** Opening Material for this task block **

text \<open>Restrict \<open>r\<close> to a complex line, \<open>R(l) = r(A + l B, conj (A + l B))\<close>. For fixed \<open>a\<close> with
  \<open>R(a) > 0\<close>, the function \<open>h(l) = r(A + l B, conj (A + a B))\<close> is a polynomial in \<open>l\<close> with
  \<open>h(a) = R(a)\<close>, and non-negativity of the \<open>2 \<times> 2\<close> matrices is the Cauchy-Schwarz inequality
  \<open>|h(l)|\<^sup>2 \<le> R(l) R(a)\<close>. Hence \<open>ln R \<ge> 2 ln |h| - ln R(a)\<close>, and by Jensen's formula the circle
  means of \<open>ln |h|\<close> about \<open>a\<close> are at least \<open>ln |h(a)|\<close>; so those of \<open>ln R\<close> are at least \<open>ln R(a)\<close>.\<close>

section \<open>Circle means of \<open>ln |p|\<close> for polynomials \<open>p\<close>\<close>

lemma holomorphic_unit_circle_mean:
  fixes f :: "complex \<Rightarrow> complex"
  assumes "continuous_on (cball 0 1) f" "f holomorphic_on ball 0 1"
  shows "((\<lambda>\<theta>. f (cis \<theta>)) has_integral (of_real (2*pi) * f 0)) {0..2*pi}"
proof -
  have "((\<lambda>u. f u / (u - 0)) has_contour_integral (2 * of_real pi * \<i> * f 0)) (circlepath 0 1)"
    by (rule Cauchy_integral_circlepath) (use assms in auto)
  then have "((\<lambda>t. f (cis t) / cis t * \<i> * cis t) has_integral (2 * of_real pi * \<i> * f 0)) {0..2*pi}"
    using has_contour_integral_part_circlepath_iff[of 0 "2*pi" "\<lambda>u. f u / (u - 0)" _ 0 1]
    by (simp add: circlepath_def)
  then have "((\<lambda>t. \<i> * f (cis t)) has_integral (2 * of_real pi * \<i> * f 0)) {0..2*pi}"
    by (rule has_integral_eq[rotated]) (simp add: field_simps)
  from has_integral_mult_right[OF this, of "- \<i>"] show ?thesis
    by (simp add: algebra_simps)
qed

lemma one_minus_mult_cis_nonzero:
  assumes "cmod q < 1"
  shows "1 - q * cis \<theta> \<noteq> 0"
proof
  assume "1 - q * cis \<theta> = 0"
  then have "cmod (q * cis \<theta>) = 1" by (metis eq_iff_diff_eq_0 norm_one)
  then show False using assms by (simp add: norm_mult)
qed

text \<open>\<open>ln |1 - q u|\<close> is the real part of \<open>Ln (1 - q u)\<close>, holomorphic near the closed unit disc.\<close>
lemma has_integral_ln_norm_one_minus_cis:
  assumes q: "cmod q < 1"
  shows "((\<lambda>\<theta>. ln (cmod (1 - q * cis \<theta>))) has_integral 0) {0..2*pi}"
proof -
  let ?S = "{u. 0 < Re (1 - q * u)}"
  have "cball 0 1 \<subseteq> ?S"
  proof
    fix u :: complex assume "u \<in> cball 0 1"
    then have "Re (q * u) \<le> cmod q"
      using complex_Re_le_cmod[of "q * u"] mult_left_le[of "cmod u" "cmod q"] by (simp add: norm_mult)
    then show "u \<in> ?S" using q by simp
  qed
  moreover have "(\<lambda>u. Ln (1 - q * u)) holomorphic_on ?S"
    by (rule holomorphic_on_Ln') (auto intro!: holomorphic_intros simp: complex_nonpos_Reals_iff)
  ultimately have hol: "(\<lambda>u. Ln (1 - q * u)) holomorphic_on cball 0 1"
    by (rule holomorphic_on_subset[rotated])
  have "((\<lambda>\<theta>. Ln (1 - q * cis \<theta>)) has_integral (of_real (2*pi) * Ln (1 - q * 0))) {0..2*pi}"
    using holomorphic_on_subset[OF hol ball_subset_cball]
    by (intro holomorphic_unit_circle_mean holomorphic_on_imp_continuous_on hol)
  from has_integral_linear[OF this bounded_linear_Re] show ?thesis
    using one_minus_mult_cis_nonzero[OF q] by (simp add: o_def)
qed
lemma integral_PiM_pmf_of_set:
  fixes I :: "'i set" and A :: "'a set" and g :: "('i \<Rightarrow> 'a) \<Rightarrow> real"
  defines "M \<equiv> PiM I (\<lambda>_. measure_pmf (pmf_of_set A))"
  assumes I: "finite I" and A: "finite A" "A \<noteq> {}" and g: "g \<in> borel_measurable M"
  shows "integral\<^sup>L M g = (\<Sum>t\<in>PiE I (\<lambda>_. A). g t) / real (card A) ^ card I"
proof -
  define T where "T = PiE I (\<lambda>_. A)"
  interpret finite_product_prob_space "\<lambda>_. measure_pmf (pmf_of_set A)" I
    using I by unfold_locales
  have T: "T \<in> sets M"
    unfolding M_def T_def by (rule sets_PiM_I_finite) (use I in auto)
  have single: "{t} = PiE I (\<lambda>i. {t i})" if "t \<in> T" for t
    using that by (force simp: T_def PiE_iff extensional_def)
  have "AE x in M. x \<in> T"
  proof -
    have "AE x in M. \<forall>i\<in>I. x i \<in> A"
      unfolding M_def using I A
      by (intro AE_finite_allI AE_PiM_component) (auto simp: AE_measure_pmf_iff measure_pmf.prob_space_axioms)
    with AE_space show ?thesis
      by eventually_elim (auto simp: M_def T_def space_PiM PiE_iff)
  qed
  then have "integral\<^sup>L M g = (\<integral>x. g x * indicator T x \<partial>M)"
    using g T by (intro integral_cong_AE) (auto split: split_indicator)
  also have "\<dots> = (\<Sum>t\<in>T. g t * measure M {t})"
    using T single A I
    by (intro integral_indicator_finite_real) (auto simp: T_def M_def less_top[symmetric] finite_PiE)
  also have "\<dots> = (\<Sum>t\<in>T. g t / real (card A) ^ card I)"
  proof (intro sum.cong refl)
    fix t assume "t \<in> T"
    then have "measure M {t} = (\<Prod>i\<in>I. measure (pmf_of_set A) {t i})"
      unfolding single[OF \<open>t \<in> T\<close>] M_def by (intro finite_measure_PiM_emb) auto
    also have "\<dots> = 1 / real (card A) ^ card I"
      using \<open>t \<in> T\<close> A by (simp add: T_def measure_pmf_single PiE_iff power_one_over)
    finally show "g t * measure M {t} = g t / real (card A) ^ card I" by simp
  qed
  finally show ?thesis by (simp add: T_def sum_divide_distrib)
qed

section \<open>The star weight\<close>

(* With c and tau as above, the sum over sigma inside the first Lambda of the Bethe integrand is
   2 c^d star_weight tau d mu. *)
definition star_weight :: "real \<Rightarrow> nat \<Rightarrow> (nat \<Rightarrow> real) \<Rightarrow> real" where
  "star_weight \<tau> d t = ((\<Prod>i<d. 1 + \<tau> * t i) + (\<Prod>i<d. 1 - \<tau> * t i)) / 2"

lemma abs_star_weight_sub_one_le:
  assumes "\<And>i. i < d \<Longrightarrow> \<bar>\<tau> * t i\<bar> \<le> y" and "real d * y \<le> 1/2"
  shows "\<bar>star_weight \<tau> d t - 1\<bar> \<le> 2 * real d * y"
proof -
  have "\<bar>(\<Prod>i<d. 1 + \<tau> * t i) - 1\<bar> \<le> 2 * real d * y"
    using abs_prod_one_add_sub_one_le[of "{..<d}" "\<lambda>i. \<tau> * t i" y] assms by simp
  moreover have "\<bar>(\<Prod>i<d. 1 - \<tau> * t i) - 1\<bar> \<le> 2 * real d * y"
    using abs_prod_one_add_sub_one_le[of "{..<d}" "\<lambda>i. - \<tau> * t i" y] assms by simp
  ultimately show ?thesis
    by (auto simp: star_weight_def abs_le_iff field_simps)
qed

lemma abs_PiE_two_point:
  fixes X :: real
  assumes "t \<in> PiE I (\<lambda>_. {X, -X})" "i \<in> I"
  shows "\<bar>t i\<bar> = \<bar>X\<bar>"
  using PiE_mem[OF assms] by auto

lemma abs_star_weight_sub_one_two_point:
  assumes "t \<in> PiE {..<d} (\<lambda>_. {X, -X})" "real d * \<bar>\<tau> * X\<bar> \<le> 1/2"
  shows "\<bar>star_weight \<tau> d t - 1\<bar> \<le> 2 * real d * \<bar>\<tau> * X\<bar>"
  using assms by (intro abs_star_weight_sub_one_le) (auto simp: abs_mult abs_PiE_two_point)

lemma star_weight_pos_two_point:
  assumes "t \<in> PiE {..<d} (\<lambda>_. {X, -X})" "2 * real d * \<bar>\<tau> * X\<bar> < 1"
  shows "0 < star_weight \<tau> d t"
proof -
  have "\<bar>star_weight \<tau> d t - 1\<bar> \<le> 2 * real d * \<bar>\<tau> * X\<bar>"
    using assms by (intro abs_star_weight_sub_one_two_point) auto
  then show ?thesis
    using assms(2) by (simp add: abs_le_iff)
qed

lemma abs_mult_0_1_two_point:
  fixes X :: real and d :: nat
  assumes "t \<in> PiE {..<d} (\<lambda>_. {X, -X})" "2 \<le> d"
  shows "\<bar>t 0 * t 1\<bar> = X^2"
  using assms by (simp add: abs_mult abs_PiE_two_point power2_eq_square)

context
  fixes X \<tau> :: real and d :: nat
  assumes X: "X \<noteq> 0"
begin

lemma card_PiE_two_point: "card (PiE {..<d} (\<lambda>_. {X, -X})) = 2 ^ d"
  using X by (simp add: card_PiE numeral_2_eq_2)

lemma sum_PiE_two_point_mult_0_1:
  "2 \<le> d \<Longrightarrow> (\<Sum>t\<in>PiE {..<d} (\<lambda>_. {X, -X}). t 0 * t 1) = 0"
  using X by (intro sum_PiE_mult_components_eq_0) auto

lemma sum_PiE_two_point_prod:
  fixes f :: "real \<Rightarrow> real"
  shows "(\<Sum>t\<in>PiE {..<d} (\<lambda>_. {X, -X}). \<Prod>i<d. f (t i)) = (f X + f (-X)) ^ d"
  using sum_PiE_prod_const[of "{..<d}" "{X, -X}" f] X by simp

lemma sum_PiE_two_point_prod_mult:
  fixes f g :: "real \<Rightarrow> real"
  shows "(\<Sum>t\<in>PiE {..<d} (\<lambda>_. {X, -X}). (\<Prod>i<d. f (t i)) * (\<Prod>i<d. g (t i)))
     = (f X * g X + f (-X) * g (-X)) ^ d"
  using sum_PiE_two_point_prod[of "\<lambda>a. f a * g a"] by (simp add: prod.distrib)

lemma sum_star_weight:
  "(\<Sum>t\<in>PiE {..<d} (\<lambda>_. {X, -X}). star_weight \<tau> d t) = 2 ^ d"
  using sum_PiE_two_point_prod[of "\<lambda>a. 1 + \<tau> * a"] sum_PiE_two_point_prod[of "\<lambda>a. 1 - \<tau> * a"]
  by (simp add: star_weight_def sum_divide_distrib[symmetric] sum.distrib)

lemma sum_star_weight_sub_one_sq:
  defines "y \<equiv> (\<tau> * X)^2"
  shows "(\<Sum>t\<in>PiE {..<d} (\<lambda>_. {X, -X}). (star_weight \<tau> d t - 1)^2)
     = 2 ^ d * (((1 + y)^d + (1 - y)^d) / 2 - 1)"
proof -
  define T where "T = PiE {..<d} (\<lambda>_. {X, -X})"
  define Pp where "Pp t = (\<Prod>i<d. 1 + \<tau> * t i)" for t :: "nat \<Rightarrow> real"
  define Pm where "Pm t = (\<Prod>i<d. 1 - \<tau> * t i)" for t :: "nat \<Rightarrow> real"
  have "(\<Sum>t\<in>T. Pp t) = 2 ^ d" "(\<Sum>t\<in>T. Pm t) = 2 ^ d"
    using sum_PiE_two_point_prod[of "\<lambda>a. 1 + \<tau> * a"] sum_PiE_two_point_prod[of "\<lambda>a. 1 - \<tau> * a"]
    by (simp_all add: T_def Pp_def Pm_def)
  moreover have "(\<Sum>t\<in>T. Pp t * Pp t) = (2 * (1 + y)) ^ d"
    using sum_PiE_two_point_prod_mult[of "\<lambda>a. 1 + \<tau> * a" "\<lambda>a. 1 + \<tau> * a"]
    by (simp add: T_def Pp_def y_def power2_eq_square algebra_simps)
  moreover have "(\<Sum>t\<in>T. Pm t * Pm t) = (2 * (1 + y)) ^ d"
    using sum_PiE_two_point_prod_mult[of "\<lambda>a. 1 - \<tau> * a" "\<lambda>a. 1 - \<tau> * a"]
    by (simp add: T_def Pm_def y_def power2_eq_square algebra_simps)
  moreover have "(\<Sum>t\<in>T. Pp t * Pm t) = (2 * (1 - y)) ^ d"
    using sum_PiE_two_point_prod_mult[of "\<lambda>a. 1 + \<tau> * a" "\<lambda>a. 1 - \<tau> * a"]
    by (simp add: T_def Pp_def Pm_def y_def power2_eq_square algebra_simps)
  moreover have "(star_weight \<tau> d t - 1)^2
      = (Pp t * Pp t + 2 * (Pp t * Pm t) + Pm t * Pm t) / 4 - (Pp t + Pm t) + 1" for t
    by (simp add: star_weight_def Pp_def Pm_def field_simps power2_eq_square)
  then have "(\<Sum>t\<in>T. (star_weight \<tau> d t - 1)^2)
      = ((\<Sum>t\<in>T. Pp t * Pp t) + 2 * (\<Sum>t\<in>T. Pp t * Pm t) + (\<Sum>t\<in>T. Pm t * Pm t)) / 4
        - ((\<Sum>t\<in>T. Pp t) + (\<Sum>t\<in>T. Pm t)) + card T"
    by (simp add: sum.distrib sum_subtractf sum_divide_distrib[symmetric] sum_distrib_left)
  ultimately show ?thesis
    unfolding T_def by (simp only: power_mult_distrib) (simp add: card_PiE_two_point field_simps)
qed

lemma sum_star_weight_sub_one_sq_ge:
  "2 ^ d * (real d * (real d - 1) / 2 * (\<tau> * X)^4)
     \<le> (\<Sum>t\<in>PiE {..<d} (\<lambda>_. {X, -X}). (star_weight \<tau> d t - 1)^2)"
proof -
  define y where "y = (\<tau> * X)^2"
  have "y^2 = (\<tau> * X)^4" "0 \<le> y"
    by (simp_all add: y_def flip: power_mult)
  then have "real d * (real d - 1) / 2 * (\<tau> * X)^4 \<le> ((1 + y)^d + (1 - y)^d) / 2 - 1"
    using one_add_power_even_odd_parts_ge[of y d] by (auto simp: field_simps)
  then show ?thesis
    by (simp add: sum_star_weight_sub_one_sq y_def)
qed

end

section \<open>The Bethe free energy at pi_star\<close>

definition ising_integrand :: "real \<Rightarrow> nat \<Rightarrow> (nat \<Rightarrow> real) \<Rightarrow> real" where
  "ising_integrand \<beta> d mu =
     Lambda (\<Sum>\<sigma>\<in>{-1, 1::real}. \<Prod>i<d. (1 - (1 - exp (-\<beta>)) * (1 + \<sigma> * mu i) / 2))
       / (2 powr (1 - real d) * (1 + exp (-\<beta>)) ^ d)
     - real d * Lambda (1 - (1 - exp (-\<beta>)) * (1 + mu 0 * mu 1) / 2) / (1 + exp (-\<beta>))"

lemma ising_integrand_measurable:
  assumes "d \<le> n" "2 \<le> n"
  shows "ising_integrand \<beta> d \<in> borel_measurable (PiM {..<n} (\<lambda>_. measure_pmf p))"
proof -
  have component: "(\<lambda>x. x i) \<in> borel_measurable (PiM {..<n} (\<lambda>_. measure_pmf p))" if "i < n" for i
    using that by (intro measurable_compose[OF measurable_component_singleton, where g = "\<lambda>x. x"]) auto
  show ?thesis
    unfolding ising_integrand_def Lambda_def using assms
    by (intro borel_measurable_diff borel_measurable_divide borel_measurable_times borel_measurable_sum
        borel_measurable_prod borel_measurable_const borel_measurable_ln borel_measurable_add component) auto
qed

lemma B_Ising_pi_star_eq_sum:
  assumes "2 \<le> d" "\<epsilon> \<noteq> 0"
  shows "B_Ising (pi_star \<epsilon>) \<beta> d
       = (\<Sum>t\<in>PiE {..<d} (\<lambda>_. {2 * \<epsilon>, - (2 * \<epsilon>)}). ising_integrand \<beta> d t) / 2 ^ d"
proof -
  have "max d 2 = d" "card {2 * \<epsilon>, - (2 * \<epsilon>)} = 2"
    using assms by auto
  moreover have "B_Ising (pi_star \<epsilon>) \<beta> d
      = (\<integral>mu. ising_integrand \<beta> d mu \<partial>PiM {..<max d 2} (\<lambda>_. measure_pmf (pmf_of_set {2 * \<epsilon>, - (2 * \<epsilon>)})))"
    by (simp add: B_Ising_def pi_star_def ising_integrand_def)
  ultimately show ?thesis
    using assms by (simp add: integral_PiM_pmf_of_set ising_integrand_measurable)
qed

** Closing Material for this task block **

--- Task goal ---
Quote the records above exactly, from the first line through the line containing "the Cauchy-Schwarz inequality", and nothing more.

--- Answer section ---
text \<open>Restrict \<open>r\<close> to a complex line, \<open>R(l) = r(A + l B, conj (A + l B))\<close>. For fixed \<open>a\<close> with
  \<open>R(a) > 0\<close>, the function \<open>h(l) = r(A + l B, conj (A + a B))\<close> is a polynomial in \<open>l\<close> with
  \<open>h(a) = R(a)\<close>, and non-negativity of the \<open>2 \<times> 2\<close> matrices is the Cauchy-Schwarz inequality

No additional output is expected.